Community Corner

NASA Moonshot Visible From Long Island

Did anyone in the Five Towns area see it?

Written by Joe Dowd

A stunning display of NASA's engineering prowess was visible in the clear night skies over Long Island late Friday and captured by a young Plainview photographer.

Appearing as a streaking trail of light, a rocket carrying the unmanned LADEE lunar orbiter was visible in the southeastern skies at 11:29 p.m., T+80, or 80 seconds after launch from a small island off the Virginia coast.

It was "one of the coolest things I've ever seen," wrote Plainview's Deb Billian Baer in Facebook dispatches to Patch. Her daughter, Rachel, captured the image from her I-Phone.
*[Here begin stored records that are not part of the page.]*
lemma integral_pair_stat:
  assumes "s < p" "t < p" "s \<noteq> t"
  shows "integrable M (\<lambda>w. \<phi> (G (col_rank s w) (col_rank t w)))"
    and "(\<integral>w. \<phi> (G (col_rank s w) (col_rank t w)) \<partial>M) = rank_expectation n G \<phi>"
proof -
  have js: "distinct [s, t]" "set [s, t] \<subseteq> {..<p}" using assms by auto
  show "integrable M (\<lambda>w. \<phi> (G (col_rank s w) (col_rank t w)))"
    using integral_col_ranks(1)[OF js, of "\<lambda>xs. \<phi> (G (xs ! 0) (xs ! 1))"] by simp
  show "(\<integral>w. \<phi> (G (col_rank s w) (col_rank t w)) \<partial>M) = rank_expectation n G \<phi>"
    using integral_col_ranks(2)[OF js, of "\<lambda>xs. \<phi> (G (xs ! 0) (xs ! 1))",
        unfolded length_Cons list.size(3) sum_lists_length_Suc lists_length_0]
    by (simp add: rank_expectation_def mult_ac)
qed

lemma integral_mult_stats_shared_col:
  assumes G1: "perm_invariant n G1" and G2: "perm_invariant n G2"
    and "k < p" "a < p" "b < p" "k \<noteq> a" "k \<noteq> b" "a \<noteq> b"
  shows "integrable M (\<lambda>w. \<phi> (G1 (col_rank k w) (col_rank a w)) * \<psi> (G2 (col_rank k w) (col_rank b w)))"
    and "(\<integral>w. \<phi> (G1 (col_rank k w) (col_rank a w)) * \<psi> (G2 (col_rank k w) (col_rank b w)) \<partial>M)
       = rank_expectation n G1 \<phi> * rank_expectation n G2 \<psi>"
proof -
  have js: "distinct [k, a, b]" "set [k, a, b] \<subseteq> {..<p}" using assms by auto
  define F where "F xs = \<phi> (G1 (xs ! 0) (xs ! 1)) * \<psi> (G2 (xs ! 0) (xs ! 2))" for xs
  show "integrable M (\<lambda>w. \<phi> (G1 (col_rank k w) (col_rank a w)) * \<psi> (G2 (col_rank k w) (col_rank b w)))"
    using integral_col_ranks(1)[OF js, of F] by (simp add: F_def)
  show "(\<integral>w. \<phi> (G1 (col_rank k w) (col_rank a w)) * \<psi> (G2 (col_rank k w) (col_rank b w)) \<partial>M)
      = rank_expectation n G1 \<phi> * rank_expectation n G2 \<psi>"
    using integral_col_ranks(2)[OF js, of F, unfolded length_Cons list.size(3) sum_lists_length_Suc lists_length_0]
      rank_expectation_mult_shared[OF G1 G2, of \<phi> \<psi>]
    by (simp add: F_def mult_ac)
qed

lemma integral_mult_stats_disjoint:
  assumes "s < p" "t < p" "u < p" "v < p" "distinct [s, t, u, v]"
  shows "integrable M (\<lambda>w. \<phi> (G1 (col_rank s w) (col_rank t w)) * \<psi> (G2 (col_rank u w) (col_rank v w)))"
    and "(\<integral>w. \<phi> (G1 (col_rank s w) (col_rank t w)) * \<psi> (G2 (col_rank u w) (col_rank v w)) \<partial>M)
       = rank_expectation n G1 \<phi> * rank_expectation n G2 \<psi>"
proof -
  have js: "distinct [s, t, u, v]" "set [s, t, u, v] \<subseteq> {..<p}" using assms by auto
  define F where "F xs = \<phi> (G1 (xs ! 0) (xs ! 1)) * \<psi> (G2 (xs ! 2) (xs ! 3))" for xs
  show "integrable M (\<lambda>w. \<phi> (G1 (col_rank s w) (col_rank t w)) * \<psi> (G2 (col_rank u w) (col_rank v w)))"
    using integral_col_ranks(1)[OF js, of F] by (simp add: F_def)
  show "(\<integral>w. \<phi> (G1 (col_rank s w) (col_rank t w)) * \<psi> (G2 (col_rank u w) (col_rank v w)) \<partial>M)
      = rank_expectation n G1 \<phi> * rank_expectation n G2 \<psi>"
    using integral_col_ranks(2)[OF js, of F, unfolded length_Cons list.size(3) sum_lists_length_Suc lists_length_0]
      rank_expectation_mult_disjoint[of \<phi> G1 \<psi> G2 n]
    by (simp add: F_def mult_ac)
qed

lemma integral_mult_pair_stats:
  assumes G: "perm_invariant n G" and st: "(s, t) \<in> pairs p" and uv: "(u, v) \<in> pairs p"
    and ne: "(s, t) \<noteq> (u, v)"
  shows "integrable M (\<lambda>w. \<phi> (G (col_rank s w) (col_rank t w)) * \<psi> (G (col_rank u w) (col_rank v w)))
    \<and> (\<integral>w. \<phi> (G (col_rank s w) (col_rank t w)) * \<psi> (G (col_rank u w) (col_rank v w)) \<partial>M)
        = rank_expectation n G \<phi> * rank_expectation n G \<psi>"
proof -
  have ord: "s < t" "t < p" "u < v" "v < p" using st uv unfolding pairs_def by auto
  then have p: "s < p" "t < p" "u < p" "v < p" "s \<noteq> t" "u \<noteq> v" by auto
  have G': "perm_invariant n (\<lambda>a b. G b a)" by (rule perm_invariant_swap[OF G])
  \<comment> \<open>Distinct pairs share at most one column; swapping the arguments of \<open>G\<close> moves it to the front.\<close>
  consider "s = u" | "s = v" | "t = u" | "t = v" | "distinct [s, t, u, v]"
    using ord by auto
  then show ?thesis
  proof cases
    case 1
    then have "s \<noteq> v" "t \<noteq> v" using ne ord by auto
    with 1 p show ?thesis using integral_mult_stats_shared_col[OF G G p(1,2,4,5), of \<phi> \<psi>] by simp
  next
    case 2
    then have "s \<noteq> u" "t \<noteq> u" using ord by auto
    with 2 p show ?thesis
      using integral_mult_stats_shared_col[OF G G' p(1,2,3,5), of \<phi> \<psi>] rank_expectation_swap[of n G \<psi>] by simp
  next
    case 3
    then have "t \<noteq> s" "t \<noteq> v" "s \<noteq> v" using ord by auto
    with 3 p show ?thesis
      using integral_mult_stats_shared_col[OF G' G p(2,1,4), of \<phi> \<psi>] rank_expectation_swap[of n G \<phi>] by simp
  next
    case 4
    then have "t \<noteq> s" "t \<noteq> u" "s \<noteq> u" using ne ord by auto
    with 4 p show ?thesis
      using integral_mult_stats_shared_col[OF G' G' p(2,1,3), of \<phi> \<psi>] rank_expectation_swap[of n G]
      by simp
  next
    case 5
    then show ?thesis using integral_mult_stats_disjoint[OF p(1-4) 5, of \<phi> G \<psi> G] by simp
  qed
qed

end

section \<open>Moments of the power-sum statistic\<close>

lemma (in prob_space) integral_mult_sums_uncorrelated:
  fixes Y Z :: "'i \<Rightarrow> 'a \<Rightarrow> real" and c :: real
  assumes I: "finite I"
    and integrable: "\<And>i j. i \<in> I \<Longrightarrow> j \<in> I \<Longrightarrow> integrable M (\<lambda>w. Y i w * Z j w)"
    and uncorrelated: "\<And>i j. i \<in> I \<Longrightarrow> j \<in> I \<Longrightarrow> i \<noteq> j \<Longrightarrow> (\<integral>w. Y i w * Z j w \<partial>M) = 0"
    and diagonal: "\<And>i. i \<in> I \<Longrightarrow> (\<integral>w. Y i w * Z i w \<partial>M) = c"
  shows "(\<integral>w. (\<Sum>i\<in>I. Y i w) * (\<Sum>j\<in>I. Z j w) \<partial>M) = real (card I) * c"
proof -
  have "(\<integral>w. (\<Sum>i\<in>I. Y i w) * (\<Sum>j\<in>I. Z j w) \<partial>M) = (\<integral>w. (\<Sum>i\<in>I. \<Sum>j\<in>I. Y i w * Z j w) \<partial>M)"
    by (simp add: sum_product)
  also have "\<dots> = (\<Sum>i\<in>I. \<Sum>j\<in>I. \<integral>w. Y i w * Z j w \<partial>M)"
    using integrable by (simp add: Bochner_Integration.integral_sum Bochner_Integration.integrable_sum)
  also have "\<dots> = (\<Sum>i\<in>I. c)"
  proof (rule sum.cong[OF refl])
    fix i assume i: "i \<in> I"
    have "(\<Sum>j\<in>I. \<integral>w. Y i w * Z j w \<partial>M) = (\<Sum>j\<in>I. if j = i then c else 0)"
      using i uncorrelated diagonal by (intro sum.cong) auto
    then show "(\<Sum>j\<in>I. \<integral>w. Y i w * Z j w \<partial>M) = c" using I i by simp
  qed
  finally show ?thesis by simp
qed

lemma finite_pairs: "finite (pairs p)"
  by (rule finite_subset[of _ "{..<p} \<times> {..<p}"]) (auto simp: pairs_def)

lemma card_pairs: "card (pairs p) = p choose 2"
proof (induction p)
  case 0
  then show ?case by (simp add: pairs_def)
next
  case (Suc p)
  have "pairs (Suc p) = pairs p \<union> (\<lambda>s. (s, p)) ` {..<p}" unfolding pairs_def by auto
  moreover have "pairs p \<inter> (\<lambda>s. (s, p)) ` {..<p} = {}" unfolding pairs_def by auto
  ultimately have "card (pairs (Suc p)) = card (pairs p) + p"
    using finite_pairs by (simp add: card_Un_disjoint card_image inj_on_def)
  then show ?case using Suc.IH by (simp add: numeral_2_eq_2)
qed

locale rank_correlation = null_sample +
  fixes G :: "(nat \<Rightarrow> nat) \<Rightarrow> (nat \<Rightarrow> nat) \<Rightarrow> real" and A :: "nat \<Rightarrow> nat \<Rightarrow> 'a \<Rightarrow> real"
  assumes G_invariant: "perm_invariant n G"
    and A_eq: "\<And>s t w. A s t w = G (col_rank s w) (col_rank t w)"
    and two_le_p: "2 \<le> p"
begin

abbreviation mean_G :: real where
  "mean_G \<equiv> rank_expectation n G (\<lambda>z. z)"

abbreviation moment_G :: "nat \<Rightarrow> real" where
  "moment_G k \<equiv> rank_expectation n G (\<lambda>z. (z - mean_G) ^ k)"

definition summand :: "nat \<Rightarrow> real \<Rightarrow> real" where
  "summand k z = (z - mean_G) ^ k - moment_G k"

lemma pair_01: "(0, 1) \<in> pairs p"
  using two_le_p unfolding pairs_def by auto

lemma integral_fun_A:
  assumes "P \<in> pairs p"
  shows "integrable M (\<lambda>w. \<phi> (A (fst P) (snd P) w))"
    and "(\<integral>w. \<phi> (A (fst P) (snd P) w) \<partial>M) = rank_expectation n G \<phi>"
  using integral_pair_stat[of "fst P" "snd P"] assms unfolding A_eq pairs_def by auto

lemma integral_mult_fun_A:
  assumes "P \<in> pairs p" "Q \<in> pairs p" "P \<noteq> Q"
  shows "integrable M (\<lambda>w. \<phi> (A (fst P) (snd P) w) * \<psi> (A (fst Q) (snd Q) w))"
    and "(\<integral>w. \<phi> (A (fst P) (snd P) w) * \<psi> (A (fst Q) (snd Q) w) \<partial>M)
       = rank_expectation n G \<phi> * rank_expectation n G \<psi>"
  using integral_mult_pair_stats[OF G_invariant, of "fst P" "snd P" "fst Q" "snd Q" \<phi> \<psi>] assms
  unfolding A_eq by auto

lemma centered_A:
  assumes "(s, t) \<in> pairs p"
  shows "centered M A s t w = A s t w - mean_G"
  unfolding centered_def using integral_fun_A(2)[OF assms, of "\<lambda>z. z"] by simp

lemma integral_centered_power: "(\<integral>w. (centered M A 0 1 w) ^ k \<partial>M) = moment_G k"
  using integral_fun_A(2)[OF pair_01, of "\<lambda>z. (z - mean_G) ^ k"] centered_A[OF pair_01] by simp

lemma S_stat_eq_sum_summand: "S_stat M A p k w = (\<Sum>P\<in>pairs p. summand k (A (fst P) (snd P) w))"
  unfolding S_stat_def mu_q_def integral_centered_power
  by (intro sum.cong refl) (auto simp: centered_A summand_def)

lemma rank_expectation_summand: "rank_expectation n G (summand k) = 0"
  unfolding summand_def by (simp add: rank_expectation_diff rank_expectation_const)

lemma rank_expectation_mult_summand:
  "rank_expectation n G (\<lambda>z. summand k1 z * summand k2 z) = moment_G (k1 + k2) - moment_G k1 * moment_G k2"
proof -
  have "(\<lambda>z. summand k1 z * summand k2 z) = (\<lambda>z. ((z - mean_G) ^ (k1 + k2) - moment_G k2 * (z - mean_G) ^ k1)
      - (moment_G k1 * (z - mean_G) ^ k2 - moment_G k1 * moment_G k2))"
    unfolding summand_def by (simp add: fun_eq_iff power_add algebra_simps)
  then show ?thesis by (simp add: rank_expectation_diff rank_expectation_cmult rank_expectation_const)
qed

lemma integral_S_stat: "(\<integral>w. S_stat M A p k w \<partial>M) = 0"
proof -
  have "(\<integral>w. S_stat M A p k w \<partial>M) = (\<Sum>P\<in>pairs p. \<integral>w. summand k (A (fst P) (snd P) w) \<partial>M)"
    unfolding S_stat_eq_sum_summand using integral_fun_A(1) by (rule Bochner_Integration.integral_sum)
  also have "\<dots> = 0" by (simp add: integral_fun_A(2) rank_expectation_summand)
  finally show ?thesis .
qed

lemma integral_mult_S_stat:
  "(\<integral>w. S_stat M A p k1 w * S_stat M A p k2 w \<partial>M)
     = real (p choose 2) * (moment_G (k1 + k2) - moment_G k1 * moment_G k2)"
  unfolding S_stat_eq_sum_summand card_pairs[symmetric] rank_expectation_mult_summand[symmetric]
proof (rule integral_mult_sums_uncorrelated[OF finite_pairs])
  fix P Q assume "P \<in> pairs p" "Q \<in> pairs p"
  then show "integrable M (\<lambda>w. summand k1 (A (fst P) (snd P) w) * summand k2 (A (fst Q) (snd Q) w))"
    using integral_fun_A(1)[of P "\<lambda>z. summand k1 z * summand k2 z"] integral_mult_fun_A(1)
    by (cases "P = Q") auto
next
  fix P Q assume "P \<in> pairs p" "Q \<in> pairs p" "P \<noteq> Q"
  then show "(\<integral>w. summand k1 (A (fst P) (snd P) w) * summand k2 (A (fst Q) (snd Q) w) \<partial>M) = 0"
    by (simp add: integral_mult_fun_A(2) rank_expectation_summand)
next
  fix P assume "P \<in> pairs p"
  then show "(\<integral>w. summand k1 (A (fst P) (snd P) w) * summand k2 (A (fst P) (snd P) w) \<partial>M)
      = rank_expectation n G (\<lambda>z. summand k1 z * summand k2 z)"
    using integral_fun_A(2)[of P "\<lambda>z. summand k1 z * summand k2 z"] by simp
qed

lemma v_q_eq: "v_q M A q = moment_G (q + q) - moment_G q * moment_G q"
proof -
  have "v_q M A q = (\<integral>w. summand q (A 0 1 w) * summand q (A 0 1 w) \<partial>M)"
    unfolding v_q_def mu_q_def integral_centered_power summand_def
    using centered_A[OF pair_01] by (simp add: power2_eq_square)
  also have "\<dots> = moment_G (q + q) - moment_G q * moment_G q"
    using integral_fun_A(2)[OF pair_01, of "\<lambda>z. summand q z * summand q z"]
    by (simp add: rank_expectation_mult_summand)
  finally show ?thesis .
qed

end

section \<open>The classes V, W and Q\<close>

definition V_rank_stat ::
    "(real \<Rightarrow> real) \<Rightarrow> (real \<Rightarrow> real) \<Rightarrow> nat \<Rightarrow> (nat \<Rightarrow> nat) \<Rightarrow> (nat \<Rightarrow> nat) \<Rightarrow> real" where
  "V_rank_stat f g n a b = (\<Sum>i<n. f (real (a i) / real (n + 1)) * g (real (b i) / real (n + 1))) / real n"

definition U_rank_stat ::
    "((real \<times> real) list \<Rightarrow> real) \<Rightarrow> nat \<Rightarrow> nat \<Rightarrow> (nat \<Rightarrow> nat) \<Rightarrow> (nat \<Rightarrow> nat) \<Rightarrow> real" where
  "U_rank_stat h m n a b =
     (\<Sum>I\<in>{I. I \<subseteq> {..<n} \<and> card I = m}. h (map (\<lambda>i. (real (a i), real (b i))) (sorted_list_of_set I)))
       / real (n choose m)"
"It was moving fast!" she said.

It surely was:

In launch data monitored by Patch, NASA reported the spacecraft, just moments after it disappeared from Long Island's view, was moving at 8 km per second (4.2 miles/second).

To the naked eye, the rocket seemed to change trajectory suddenly about two minutes into the flight, visible at about 30-40 degrees on the southeastern horizon. NASA data indicated that the directional change was the "second-stage burnout," when the second of five propulsion rockets was jettisoned and the third rocket ignited. (See the launch and the burn sequences here.)

Within 15 minutes of launch, NASA reported the spacecraft had burned off its fifth stage, was "nominal," meaning operating normally and on trajectory, and hurtling over the coast of Africa.

At that point, the NASA capcom was heard saying "God Speed, LADEE, on your journey to the moon."

LADEE, short for the Lunar Atmosphere and Dust Environment Explorer, is enroute to the moon to measure elements of the thin lunar atmosphere. NASA is seeking "detailed information about the lunar atmosphere, conditions near the surface and environmental influences on lunar dust," according to the U.S. space agency.

Powered by a U.S. Air Force Minotaur rocket built by Orbital Sciences Corp., LADEE will circle the earth three times before heading to the moon a journey that is expected to take a month. It left earth at 11:27 p.m. Friday from NASA's Wallops Flight Facility, the first moon shot to blast off from the Virginia coast.

The six-month, $280 million mission will send back atmospheric data to NASA that has never been analyzed and could reveal information about other planets.

At mission's end, LADEE, which is about the size of an automobile, will make a suicide plunge onto the lunar surface, NASA reported.